Appropriate financial controls help ensure the efficient and effective use of resources and administration of agency policies. They are essential for quality and timely decision making.

This chapter outlines our observations and insights from:

  • our financial statement audits of agencies in the Planning and Environment cluster for 2018
  • the areas of focus identified in the Audit Office work program.

The Audit Office annual work program provides a summary of all audits to be conducted within the proposed time period as well as detailed information on the areas of focus for each of the NSW Government clusters.

Observation Conclusions and recommendations
3.1 Internal controls
One in five internal control weaknesses reported in 2017–18 were repeat issues. Delays in implementing audit recommendations can prolong the risk of fraud and error.
Recommendation (repeat issue): Management letter recommendations to address internal control weaknesses should be actioned promptly, with a focus on addressing repeat issues.
One extreme risk was identified relating to the National Art School. The School does not have an occupancy agreement for the Darlinghurst campus. Lack of formal agreement creates uncertainty over the School's continued occupancy of the Darlinghurst site.

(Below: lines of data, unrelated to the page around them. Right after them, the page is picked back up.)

lemma alpha_MEU_unique:
  assumes a: "0 \<le> a" "a \<le> 1" and b: "0 \<le> b" "b \<le> 1"
    and rep_a: "represents Rs F (alpha_MEU a)" and rep_b: "represents Rs F (alpha_MEU b)"
    and f: "f \<in> F" and nondegenerate: "mC f < MD f"
  shows "a = b"
proof -
  obtain x where x: "x \<in> X" "u x = alpha_MEU a f"
    using ex_utility_eq[OF f alpha_MEU_between[OF f a]] by blast
  have "alpha_MEU b f = u x"
    using x represents_eq_iff[OF rep_a f const_act[OF x(1)]] represents_eq_iff[OF rep_b f const_act[OF x(1)]]
    by (simp add: alpha_MEU_const)
  moreover have "(a - b) * (MD f - mC f) = alpha_MEU b f - alpha_MEU a f"
    by (simp add: alpha_MEU_def algebra_simps)
  ultimately have "(a - b) * (MD f - mC f) = 0" using x(2) by simp
  then show ?thesis using nondegenerate by simp
qed

lemma ex_nondegenerate_if_incomplete:
  assumes "\<forall>f\<in>F. \<forall>g\<in>F. R f g \<longleftrightarrow> mC g < mC f \<and> MD g < MD f" and "\<not> rel_complete R F"
  shows "\<exists>f\<in>F. mC f < MD f"
proof (rule ccontr)
  assume "\<not> ?thesis"
  then have "mC f = MD f" if "f \<in> F" for f
    using minEU_le_maxEU[OF that] that by force
  then have "represents R F mC" using assms(1) by (simp add: represents_def)
  then show False using assms(2) represents_rel_complete by blast
qed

The School should continue to liaise with stakeholders to formalise the occupancy arrangement. 
 
3.2 Information technology controls
The controls and governance arrangements when migrating payroll data from the Aurion system to SAP HR system were effective. Data migration from the Aurion system to SAP HR system had no significant issues.
The Department can improve controls over user access to SAP system. The Department needs to ensure the SAP user access controls are appropriate, including investigation of excess access rights and resolving segregation of duties issues. 
3.3 Annual work program
Agencies used different benchmarks to monitor their maintenance expenditure. The cluster agencies under review operate in different industries. As a result, they do not use the same benchmarks to assess the adequacy of their maintenance spend. 

This chapter outlines certain service delivery outcomes for 2017–18. The data on activity levels and performance is provided by cluster agencies. The Audit Office does not have a specific mandate to audit performance information. Accordingly, the information in this chapter is unaudited. 

We report this information on service delivery to provide additional context to understand the operations of the Planning and Environment cluster, and to collate and present service information for different segments of the cluster in one report. 

In our recent performance audit, ‘Progress and measurement of Premier's Priorities’, we identified 12 limitations of performance measurement and performance data. We recommended the Department of Premier and Cabinet ensure that processes to check and verify data are in place for all relevant agency data sources.